┏━━
lemma VR_torus_below_diam:
  assumes "0 < m"
  shows "VR (torus_pts (2 * m)) (torus_dist (2 * m)) (torus_diam (2 * m) - 1) =
    {\<sigma>. \<sigma> \<subseteq> torus_pts (2 * m) \<and> finite \<sigma> \<and> \<sigma> \<noteq> {} \<and> (\<forall>u\<in>\<sigma>. torus_antipode (2 * m) u \<notin> \<sigma>)}"
  unfolding VR_def torus_diam_eq[OF assms] using torus_dist_below_diam_iff by blast

definition row_major :: "nat \<Rightarrow> nat \<Rightarrow> nat \<times> nat" where
  "row_major n k = (k div n, k mod n)"

lemma inj_row_major: "inj (row_major n)"
  by (rule injI) (metis row_major_def div_mult_mod_eq prod.inject)

lemma row_major_image:
  assumes "0 < n"
  shows "row_major n ` {..<m * n} = {..<m} \<times> {..<n}"
proof
  show "row_major n ` {..<m * n} \<subseteq> {..<m} \<times> {..<n}"
    using assms by (auto simp: row_major_def less_mult_imp_div_less)
  show "{..<m} \<times> {..<n} \<subseteq> row_major n ` {..<m * n}"
  proof clarify
    fix i j assume "i < m" "j < n"
    have "i * n + j < Suc i * n"
      using \<open>j < n\<close> by simp
    also have "\<dots> \<le> m * n"
      by (rule mult_le_mono1) (use \<open>i < m\<close> in simp)
    finally have "i * n + j < m * n" .
    moreover have "row_major n (i * n + j) = (i, j)"
      using \<open>j < n\<close> by (simp add: row_major_def)
    ultimately show "(i, j) \<in> row_major n ` {..<m * n}"
      by (metis image_eqI lessThan_iff)
  qed
qed

lemma torus_antipode_image_lower_half:
  "torus_antipode (2 * m) ` ({..<m} \<times> {..<2 * m}) = {m..<2 * m} \<times> {..<2 * m}"
proof
  show "torus_antipode (2 * m) ` ({..<m} \<times> {..<2 * m}) \<subseteq> {m..<2 * m} \<times> {..<2 * m}"
    by (auto simp: torus_antipode_def add_half_mod)
  show "{m..<2 * m} \<times> {..<2 * m} \<subseteq> torus_antipode (2 * m) ` ({..<m} \<times> {..<2 * m})"
  proof
    fix u assume u: "u \<in> {m..<2 * m} \<times> {..<2 * m}"
    then have "u = torus_antipode (2 * m) (torus_antipode (2 * m) u)"
      by (simp add: torus_antipode_antipode torus_pts_def mem_Times_iff)
    moreover have "torus_antipode (2 * m) u \<in> {..<m} \<times> {..<2 * m}"
      using u by (auto simp: torus_antipode_def add_half_mod)
    ultimately show "u \<in> torus_antipode (2 * m) ` ({..<m} \<times> {..<2 * m})"
      by (rule image_eqI)
  qed
qed

lemma torus_pts_halves:
  "torus_pts (2 * m) = {..<m} \<times> {..<2 * m} \<union> {m..<2 * m} \<times> {..<2 * m}"
  by (auto simp: torus_pts_def)

lemma torus_pairing_images:
  assumes "0 < m"
  shows "row_major (2 * m) ` {..<m * (2 * m)} = {..<m} \<times> {..<2 * m}"
    and "(torus_antipode (2 * m) \<circ> row_major (2 * m)) ` {..<m * (2 * m)} = {m..<2 * m} \<times> {..<2 * m}"
  using assms by (simp_all only: row_major_image image_comp[symmetric] torus_antipode_image_lower_half)

lemma vertex_pairing_torus:
  assumes "0 < m"
  shows "vertex_pairing (row_major (2 * m)) (torus_antipode (2 * m) \<circ> row_major (2 * m)) (m * (2 * m))"
proof
  show inj_p: "inj_on (row_major (2 * m)) {..<m * (2 * m)}"
    using inj_row_major by (rule inj_on_subset) simp
  have "inj_on (torus_antipode (2 * m)) (torus_pts (2 * m))"
    by (rule inj_on_inverseI) (rule torus_antipode_antipode)
  then have "inj_on (torus_antipode (2 * m)) (row_major (2 * m) ` {..<m * (2 * m)})"
    by (rule inj_on_subset) (simp add: torus_pairing_images(1)[OF assms] torus_pts_halves)
  with inj_p show "inj_on (torus_antipode (2 * m) \<circ> row_major (2 * m)) {..<m * (2 * m)}"
    by (rule comp_inj_on)
  show "row_major (2 * m) ` {..<m * (2 * m)} \<inter>
      (torus_antipode (2 * m) \<circ> row_major (2 * m)) ` {..<m * (2 * m)} = {}"
    unfolding torus_pairing_images[OF assms] by auto
qed

lemma VR_torus_eq_cross_polytope_boundary:
  assumes "0 < m"
  shows "VR (torus_pts (2 * m)) (torus_dist (2 * m)) (torus_diam (2 * m) - 1) =
    cross_polytope_boundary (row_major (2 * m)) (torus_antipode (2 * m) \<circ> row_major (2 * m)) (m * (2 * m))"
proof -
  have "row_major (2 * m) ` {..<m * (2 * m)} \<union>
      (torus_antipode (2 * m) \<circ> row_major (2 * m)) ` {..<m * (2 * m)} = torus_pts (2 * m)"
    unfolding torus_pairing_images[OF assms] torus_pts_halves ..
  from cross_polytope_boundary_eq_antipode_free[OF this torus_antipode_antipode comp_apply]
  show ?thesis
    unfolding VR_torus_below_diam[OF assms] by (rule sym)
qed

theorem corollary6p3:
  fixes n :: nat
  assumes "0 < n" and "even n"
  shows "realization (VR (torus_pts n) (torus_dist n) (torus_diam n - 1))
           homotopy_equivalent_space nsphere (n^2 div 2 - 1)"
proof -
  obtain m where n: "n = 2 * m"
    using assms(2) by blast
  with assms(1) have "0 < m"
    by simp
  interpret vertex_pairing "row_major n" "torus_antipode n \<circ> row_major n" "m * n"
    using vertex_pairing_torus[OF \<open>0 < m\<close>] n by simp
  have "realization (VR (torus_pts n) (torus_dist n) (torus_diam n - 1))
      homeomorphic_space nsphere (m * n - 1)"
    using VR_torus_eq_cross_polytope_boundary[OF \<open>0 < m\<close>] \<open>0 < m\<close> n
      realization_cross_polytope_boundary_homeomorphic_nsphere by simp
  moreover have "m * n = n^2 div 2"
    using n by (simp add: power2_eq_square)
  ultimately show ?thesis
    by (simp add: homeomorphic_imp_homotopy_equivalent_space)
qed

end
┗━━
## INSTRUCTIONS TO FOLLOW
Only one stretch of the entries above is wanted: the lines from the one containing "m)) (row_major (2" through the one containing "by (rule comp_inj_on)". Please reproduce it exactly.

## TASK SOLUTION
  then have "inj_on (torus_antipode (2 * m)) (row_major (2 * m) ` {..<m * (2 * m)})"
    by (rule inj_on_subset) (simp add: torus_pairing_images(1)[OF assms] torus_pts_halves)
  with inj_p show "inj_on (torus_antipode (2 * m) \<circ> row_major (2 * m)) {..<m * (2 * m)}"
    by (rule comp_inj_on)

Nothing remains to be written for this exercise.